Since the crisis over the Kerch Strait developed over the last few days, I have been searching for information which would justify the Russian decision to blockade the strait to Ukrainian military vessels. Pepe Escobar is a writer for the Asia TImes and is a good reporter who often takes contrary views and he offers an interesting defense of the Russian position: “The Kerch Strait connects the Sea of Azov with the Black Sea. To reach Mariupol, a key city in the Sea of Azov very close to the dangerous dividing line between Ukraine’s army and the pro-Russian militias in Donbass, the Ukrainian navy needs to go through the Kerch….Yet since Russia retook control of Crimea via a 2014 referendum, the waters around Kerch are de facto Russian territorial waters.” Escobar also cites Articles 7, 19, and 21 of the UN Convention on the Law of the Seas. Escobar’s argument is pure hogwash. It is only true if one accepts the Russian annexation of Crimea and its occupation of the Donbas region of Ukraine. The UN and most countries of the world have most decidedly not accepted the Russian actions as a fait accompli. Russia continues to accuse Ukraine of being the aggressor.
An official report produced by several of the most relevant economic Departments in the British Government has concluded that under virtually every possible Brexit scenario, the British economy will be worse off after 10 years. According to The Guardian:
“Officials modelled every scenario across a range, comparing them in nominal terms. Under the worst-case, no-deal scenario, GDP would be 10.7% lower than if the UK had stayed in the EU in 15 years’ time, assuming there is no longer any net migration into the UK from the EU and European Economic Area (EEA) after Brexit.

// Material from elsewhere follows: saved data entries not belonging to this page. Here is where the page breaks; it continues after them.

(* Let $n\in\mathbb{N}$, $\mathcal{R}\subset\mathcal{H}_n$, and let $\mathbb{T}$ be a generator set of $\mathcal{R}$. Then for all $A_1,A_2\subset[n]$, $$\{\mathcal{O}_{A_1},\mathcal{O}_{A_1^c}\}=\{\mathcal{O}_{A_2},\mathcal{O}_{A_2^c}\}\iff A_1\sim_{\mathcal{R}}A_2 .$$
   Context: $[n]=\{1,\dots,n\}$, $A^c=[n]\setminus A$. $\mathcal{H}_n$ is the computational basis $\{|i_1\dots i_n\rangle: i_j\in\{0,1\}\}$. For $|\psi\rangle=|a_1\dots a_n\rangle$ and non-empty $A=\{i_1<\dots<i_m\}\subset[n]$, $|\psi_A\rangle=|a_{i_1}\dots a_{i_m}\rangle$. For non-empty $A$, $\sim_A$ on $\mathcal{R}$ is: $|\psi\rangle\sim_A|\phi\rangle$ iff $|\psi_A\rangle=|\phi_A\rangle$; $\sim_\emptyset$ makes all elements equivalent; $\mathcal{R}/{\sim_A}$ is the set of classes. $A_1\sim_{\mathcal{R}}A_2$ iff $\{\mathcal{R}/{\sim_{A_1}},\mathcal{R}/{\sim_{A_1^c}}\}=\{\mathcal{R}/{\sim_{A_2}},\mathcal{R}/{\sim_{A_2^c}}\}$. For a set $F$ of maps $\mathcal{R}\to\mathcal{R}$, $\mathcal{G}(F)$ denotes the closure of $F$ under composition. A set $\mathbb{T}$ of maps $\mathcal{R}\to\mathcal{R}$ is a generator set of $\mathcal{R}$ if: (i) all $P,T\in\mathcal{G}(\mathbb{T})$ commute, $PT=TP$; (ii) for all $|\psi\rangle,|\phi\rangle\in\mathcal{R}$ there is $P\in\mathcal{G}(\mathbb{T})$ with $P|\psi\rangle=|\phi\rangle$; (iii) (local invariance) for every $P\in\mathbb{T}$ and non-empty $A\subset[n]$, if $(P|\psi\rangle)_A=|\psi_A\rangle$ for some $|\psi\rangle\in\mathcal{R}$, then $(P|\phi\rangle)_A=|\phi_A\rangle$ for all $|\phi\rangle\in\mathcal{R}$. For non-empty $A\subset[n]$, $\mathcal{O}_A=\{P\in\mathcal{G}(\mathbb{T}) : \forall|\psi\rangle\in\mathcal{R},\ (P|\psi\rangle)_A=|\psi_A\rangle\}$, and $\mathcal{O}_\emptyset=\mathcal{G}(\mathbb{T})$. Operators are compared as maps on $\mathcal{R}$. *)

theory Defs
  imports Main "HOL-Library.FuncSet"
begin

text \<open>Computational basis states of n qubits: bool lists of length n;
  position i (1-based) is the list entry at index i-1.\<close>

definition basis :: "nat \<Rightarrow> bool list set" where
  "basis n = {xs. length xs = n}"

definition qset :: "nat \<Rightarrow> nat set" where
  "qset n = {1..n}"

definition compl_q :: "nat \<Rightarrow> nat set \<Rightarrow> nat set" where
  "compl_q n A = qset n - A"

definition proj :: "nat set \<Rightarrow> bool list \<Rightarrow> bool list" where
  "proj A psi = map (\<lambda>i. psi ! (i - 1)) (sorted_list_of_set A)"

definition simA :: "bool list set \<Rightarrow> nat set \<Rightarrow> (bool list \<times> bool list) set" where
  "simA R A = {(x, y). x \<in> R \<and> y \<in> R \<and> (A = {} \<or> proj A x = proj A y)}"

definition classes :: "bool list set \<Rightarrow> nat set \<Rightarrow> bool list set set" where
  "classes R A = R // simA R A"

definition sim_R :: "nat \<Rightarrow> bool list set \<Rightarrow> nat set \<Rightarrow> nat set \<Rightarrow> bool" where
  "sim_R n R A1 A2 \<longleftrightarrow>
     {classes R A1, classes R (compl_q n A1)} = {classes R A2, classes R (compl_q n A2)}"

inductive_set gen :: "('a \<Rightarrow> 'a) set \<Rightarrow> ('a \<Rightarrow> 'a) set" for F where
  base: "P \<in> F \<Longrightarrow> P \<in> gen F"
| comp: "P \<in> gen F \<Longrightarrow> Q \<in> gen F \<Longrightarrow> P \<circ> Q \<in> gen F"

definition generator_set ::
  "nat \<Rightarrow> bool list set \<Rightarrow> (bool list \<Rightarrow> bool list) set \<Rightarrow> bool" where
  "generator_set n R T \<longleftrightarrow>
     (\<forall>P\<in>T. \<forall>x\<in>R. P x \<in> R) \<and>
     (\<forall>P\<in>gen T. \<forall>Q\<in>gen T. \<forall>x\<in>R. P (Q x) = Q (P x)) \<and>
     (\<forall>psi\<in>R. \<forall>phi\<in>R. \<exists>P\<in>gen T. P psi = phi) \<and>
     (\<forall>P\<in>T. \<forall>A. A \<noteq> {} \<longrightarrow> A \<subseteq> qset n \<longrightarrow>
        (\<exists>psi\<in>R. proj A (P psi) = proj A psi) \<longrightarrow>
        (\<forall>phi\<in>R. proj A (P phi) = proj A phi))"

text \<open>O_A, with operators identified as maps on R (restricted to R).\<close>
definition Ocal ::
  "bool list set \<Rightarrow> (bool list \<Rightarrow> bool list) set \<Rightarrow> nat set \<Rightarrow> (bool list \<Rightarrow> bool list) set" where
  "Ocal R T A =
     (if A = {} then (\<lambda>P. restrict P R) ` gen T
      else (\<lambda>P. restrict P R) ` {P \<in> gen T. \<forall>psi\<in>R. proj A (P psi) = proj A psi})"

end

theory Submission
  imports Defs
begin

text \<open>Local invariance for the singletons \<open>{i}\<close> shows that every operator of
  \<open>\<G>(\<T>)\<close> either preserves or flips qubit \<open>i\<close> uniformly on \<open>\<R>\<close>, so an operator that
  fixes the \<open>A\<close>-part of a single state fixes it on all of \<open>\<R>\<close>. As \<open>\<G>(\<T>)\<close> acts
  transitively on \<open>\<R>\<close>, every pair \<open>\<psi> \<sim>\<^sub>A \<phi>\<close> is realised by some operator of
  \<open>\<O>\<^sub>A\<close>; hence \<open>\<O>\<^sub>A \<subseteq> \<O>\<^sub>B\<close> iff \<open>\<sim>\<^sub>A\<close> refines \<open>\<sim>\<^sub>B\<close>, and \<open>\<O>\<^sub>A = \<O>\<^sub>B\<close> iff
  \<open>\<R>/\<sim>\<^sub>A = \<R>/\<sim>\<^sub>B\<close>. Comparing the two doubletons then gives the theorem.\<close>

lemma quotient_eq_imp_subset:
  assumes "equiv A r" "equiv A s" "A // r = A // s"
  shows "r \<subseteq> s"
proof
  fix p assume "p \<in> r"
  then obtain x y where p: "p = (x, y)" and "(x, y) \<in> r" by (cases p) blast
  then have "x \<in> A"
    using equiv_class_eq_iff[OF assms(1)] by blast
  then have "r `` {x} \<in> A // s"
    using assms(3) by (metis quotientI)
  moreover have "{x, y} \<subseteq> r `` {x}"
    using equiv_class_self[OF assms(1) \<open>x \<in> A\<close>] \<open>(x, y) \<in> r\<close> by blast
  ultimately show "p \<in> s"
    using p in_quotient_imp_in_rel[OF assms(2)] by blast
qed

lemma quotient_eq_iff_eq:
  "equiv A r \<Longrightarrow> equiv A s \<Longrightarrow> A // r = A // s \<longleftrightarrow> r = s"
  by (metis quotient_eq_imp_subset subset_antisym)

lemma doubleton_eq_iff_of_eq_iff:
  assumes "\<And>x y. x \<in> S \<Longrightarrow> y \<in> S \<Longrightarrow> f x = f y \<longleftrightarrow> g x = g y"
    and "a \<in> S" "b \<in> S" "c \<in> S" "d \<in> S"
  shows "{f a, f b} = {f c, f d} \<longleftrightarrow> {g a, g b} = {g c, g d}"
  unfolding doubleton_eq_iff using assms by metis

lemma gen_closed:
  assumes "\<forall>Q\<in>F. \<forall>x\<in>R. Q x \<in> R" "P \<in> gen F" "x \<in> R"
  shows "P x \<in> R"
  using assms(2,3) by (induction arbitrary: x rule: gen.induct) (use assms(1) in auto)

lemma gen_flips_bit_uniformly:
  assumes closed: "\<forall>Q\<in>F. \<forall>x\<in>R. Q x \<in> R"
    and local_inv: "\<forall>Q\<in>F. \<forall>psi\<in>R. \<forall>phi\<in>R. Q psi ! k = psi ! k \<longrightarrow> Q phi ! k = phi ! k"
    and "P \<in> gen F"
  shows "\<exists>c. \<forall>x\<in>R. P x ! k = (x ! k \<noteq> c)"
  using \<open>P \<in> gen F\<close>
proof (induction rule: gen.induct)
  case (base P)
  show ?case
  proof (cases "\<exists>psi\<in>R. P psi ! k = psi ! k")
    case True
    then have "\<forall>x\<in>R. P x ! k = (x ! k \<noteq> False)" using local_inv base by blast
    then show ?thesis ..
  next
    case False
    then have "\<forall>x\<in>R. P x ! k = (x ! k \<noteq> True)" by auto
    then show ?thesis ..
  qed
next
  case (comp P Q)
  obtain c d where "\<forall>x\<in>R. P x ! k = (x ! k \<noteq> c)" "\<forall>x\<in>R. Q x ! k = (x ! k \<noteq> d)"
    using comp.IH by blast
  then have "\<forall>x\<in>R. (P \<circ> Q) x ! k = (x ! k \<noteq> (c \<noteq> d))"
    using gen_closed[OF closed comp.hyps(2)] by auto
  then show ?case ..
qed

lemma gen_bit_invariance:
  fixes R :: "bool list set"
  assumes closed: "\<forall>Q\<in>F. \<forall>x\<in>R. Q x \<in> R"
    and local_inv: "\<forall>Q\<in>F. \<forall>psi\<in>R. \<forall>phi\<in>R. Q psi ! k = psi ! k \<longrightarrow> Q phi ! k = phi ! k"
    and "P \<in> gen F" "psi \<in> R" "phi \<in> R" "P psi ! k = psi ! k"
  shows "P phi ! k = phi ! k"
proof -
  have "\<exists>c. \<forall>x\<in>R. P x ! k = (x ! k \<noteq> c)"
    by (rule gen_flips_bit_uniformly[OF closed local_inv \<open>P \<in> gen F\<close>])
  then obtain c where c: "\<forall>x\<in>R. P x ! k = (x ! k \<noteq> c)" ..
  have "P psi ! k = (psi ! k \<noteq> c)" "P phi ! k = (phi ! k \<noteq> c)"
    using c \<open>psi \<in> R\<close> \<open>phi \<in> R\<close> by blast+
  with \<open>P psi ! k = psi ! k\<close> show ?thesis
    by auto
qed

lemma
  assumes "generator_set n R T"
  shows generator_set_closed: "\<forall>P\<in>T. \<forall>x\<in>R. P x \<in> R"
    and generator_set_transitive: "psi \<in> R \<Longrightarrow> phi \<in> R \<Longrightarrow> \<exists>P\<in>gen T. P psi = phi"
    and generator_set_local_invariance:
      "P \<in> T \<Longrightarrow> A \<noteq> {} \<Longrightarrow> A \<subseteq> qset n \<Longrightarrow> psi \<in> R \<Longrightarrow>
       proj A (P psi) = proj A psi \<Longrightarrow> phi \<in> R \<Longrightarrow> proj A (P phi) = proj A phi"
  using assms unfolding generator_set_def by (simp, simp, blast)

lemma finite_subset_qset: "A \<subseteq> qset n \<Longrightarrow> finite A"
  unfolding qset_def using finite_subset by blast

lemma proj_eq_iff: "finite A \<Longrightarrow> proj A x = proj A y \<longleftrightarrow> (\<forall>i\<in>A. x ! (i - 1) = y ! (i - 1))"
  unfolding proj_def by (simp add: map_eq_conv)

lemma proj_singleton: "proj {i} x = [x ! (i - 1)]"
  unfolding proj_def by simp

lemma simA_altdef: "simA R A = {(x, y). x \<in> R \<and> y \<in> R \<and> proj A x = proj A y}"
  unfolding simA_def proj_def by auto

lemma Ocal_altdef:
  "Ocal R T A = (\<lambda>P. restrict P R) ` {P \<in> gen T. \<forall>psi\<in>R. proj A (P psi) = proj A psi}"
  unfolding Ocal_def proj_def by simp

lemma generator_set_fixes_proj_everywhere:
  assumes g: "generator_set n R T" and P: "P \<in> gen T" and A: "A \<subseteq> qset n"
    and psi: "psi \<in> R" "proj A (P psi) = proj A psi" and phi: "phi \<in> R"
  shows "proj A (P phi) = proj A phi"
  unfolding proj_eq_iff[OF finite_subset_qset[OF A]]
proof
  fix i assume "i \<in> A"
  then have i: "{i} \<subseteq> qset n" using A by blast
  have bit_invariance:
    "\<forall>Q\<in>T. \<forall>psi'\<in>R. \<forall>phi'\<in>R. Q psi' ! (i - 1) = psi' ! (i - 1) \<longrightarrow> Q phi' ! (i - 1) = phi' ! (i - 1)"
  proof (intro ballI impI)
    fix Q psi' phi'
    assume "Q \<in> T" "psi' \<in> R" "phi' \<in> R" "Q psi' ! (i - 1) = psi' ! (i - 1)"
    then show "Q phi' ! (i - 1) = phi' ! (i - 1)"
      using generator_set_local_invariance[OF g \<open>Q \<in> T\<close> _ i \<open>psi' \<in> R\<close> _ \<open>phi' \<in> R\<close>]
      by (simp add: proj_singleton)
  qed
  have "P psi ! (i - 1) = psi ! (i - 1)"
    using psi(2) \<open>i \<in> A\<close> unfolding proj_eq_iff[OF finite_subset_qset[OF A]] by blast
  then show "P phi ! (i - 1) = phi ! (i - 1)"
    by (rule gen_bit_invariance[OF generator_set_closed[OF g] bit_invariance P psi(1) phi])
qed

lemma Ocal_subset_iff_simA_subset:
  assumes g: "generator_set n R T" and A: "A \<subseteq> qset n"
  shows "Ocal R T A \<subseteq> Ocal R T B \<longleftrightarrow> simA R A \<subseteq> simA R B"
proof
  assume sub: "Ocal R T A \<subseteq> Ocal R T B"
  show "simA R A \<subseteq> simA R B"
  proof (clarsimp simp: simA_altdef)
    fix x y assume xy: "x \<in> R" "y \<in> R" "proj A x = proj A y"
    obtain P where P: "P \<in> gen T" "P x = y"
      using generator_set_transitive[OF g xy(1,2)] by blast
    have "\<forall>z\<in>R. proj A (P z) = proj A z"
      using generator_set_fixes_proj_everywhere[OF g P(1) A xy(1)] P(2) xy(3) by simp
    then have "restrict P R \<in> Ocal R T B"
      using sub P(1) unfolding Ocal_altdef by blast
    then obtain Q where "Q \<in> gen T" "\<forall>z\<in>R. proj B (Q z) = proj B z" "restrict P R = restrict Q R"
      unfolding Ocal_altdef by blast
    moreover have "Q x = y"
      using \<open>restrict P R = restrict Q R\<close> xy(1) P(2) by (metis restrict_apply')
    ultimately show "proj B x = proj B y"
      using xy(1) by metis
  qed
next
  assume sub: "simA R A \<subseteq> simA R B"
  show "Ocal R T A \<subseteq> Ocal R T B"
  proof (clarsimp simp: Ocal_altdef)
    fix P assume P: "P \<in> gen T" "\<forall>psi\<in>R. proj A (P psi) = proj A psi"
    have "(P psi, psi) \<in> simA R B" if "psi \<in> R" for psi
      using sub P that gen_closed[OF generator_set_closed[OF g] P(1) that] unfolding simA_altdef by blast
    then have "\<forall>psi\<in>R. proj B (P psi) = proj B psi"
      unfolding simA_altdef by blast
    with P(1) show "restrict P R \<in> (\<lambda>P. restrict P R) ` {P \<in> gen T. \<forall>psi\<in>R. proj B (P psi) = proj B psi}"
      by blast
  qed
qed

lemma equiv_simA: "equiv R (simA R A)"
  unfolding equiv_def refl_on_def sym_def trans_def simA_def by auto

lemma Ocal_eq_iff_classes_eq:
  assumes "generator_set n R T" "A \<subseteq> qset n" "B \<subseteq> qset n"
  shows "Ocal R T A = Ocal R T B \<longleftrightarrow> classes R A = classes R B"
proof -
  have "Ocal R T A = Ocal R T B \<longleftrightarrow> simA R A = simA R B"
    using Ocal_subset_iff_simA_subset[OF assms(1)] assms(2,3) by blast
  also have "\<dots> \<longleftrightarrow> classes R A = classes R B"
    unfolding classes_def by (simp add: quotient_eq_iff_eq[OF equiv_simA equiv_simA])
  finally show ?thesis .
qed

theorem theorem2:
  fixes n :: nat and R :: "bool list set" and T :: "(bool list \<Rightarrow> bool list) set"
    and A1 A2 :: "nat set"
  assumes "R \<subseteq> basis n"
    and "generator_set n R T"
    and "A1 \<subseteq> qset n" and "A2 \<subseteq> qset n"
  shows "{Ocal R T A1, Ocal R T (compl_q n A1)} = {Ocal R T A2, Ocal R T (compl_q n A2)}
         \<longleftrightarrow> sim_R n R A1 A2"
  unfolding sim_R_def
proof (rule doubleton_eq_iff_of_eq_iff)
  show "Ocal R T A = Ocal R T B \<longleftrightarrow> classes R A = classes R B"
    if "A \<in> Pow (qset n)" "B \<in> Pow (qset n)" for A B
    using Ocal_eq_iff_classes_eq[OF assms(2)] that by blast
qed (use assms(3,4) in \<open>auto simp: compl_q_def\<close>)

end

“The deal negotiated by May will probably end up somewhere between the two Chequers-based scenarios outlined, meaning the UK would be between 0.6% and 2.1% worse off in nominal GDP terms in 2035-36 than if it remained in the EU.
“The official analysis also concluded that:
• Under a Norway EEA scenario, favoured by some Tory remainers, GDP would be 1.4% lower in 15 years’ time, worse than the additional scenario produced after May’s deal was signed over the weekend.
• Under a Canada-style deal, supported by Boris Johnson and David Davis, the UK would be 4.9% worse off than remaining in the EU, the study concludes.”
It may be the case that sovereignty is more important than economic gains to many of the Brexit supporters. The European Commission has accepted the most recent proposal advanced by British Prime Minister Teresa May. But the deal still has to be approved by the British Parliament, and most observers right now think that it will be voted down in Parliament. That may mean that Great Britain may need to hold a second referendum. All these possibilities need to be accomplished by next March. The situation still remains quite murky.
All eyes will be on Buenos Aires, Argentina this Friday and US President Trump and Chinese President Xi meet at the G-20 meeting. CBS News reports:
“The president has already imposed 10 percent tariffs on $200 billion of Chinese goods this September, and they’re set to rise to 25 percent on Jan. 1. Mr. Trump said this week he’s willing to raise tariffs on every good coming into the U.S. from China. “If we don’t make a deal, then I’m going to put the $267 billion additional on” Chinese goods at rates of 10 percent or 25 percent, Mr. Trump said in an interview this week with The Wall Street Journal.”
The new US tariffs on Chinese goods have already begun to show up in the US economy. Business Insider gives depressing details about how the 10% tariffs have already affected US farmers and the automobile industry.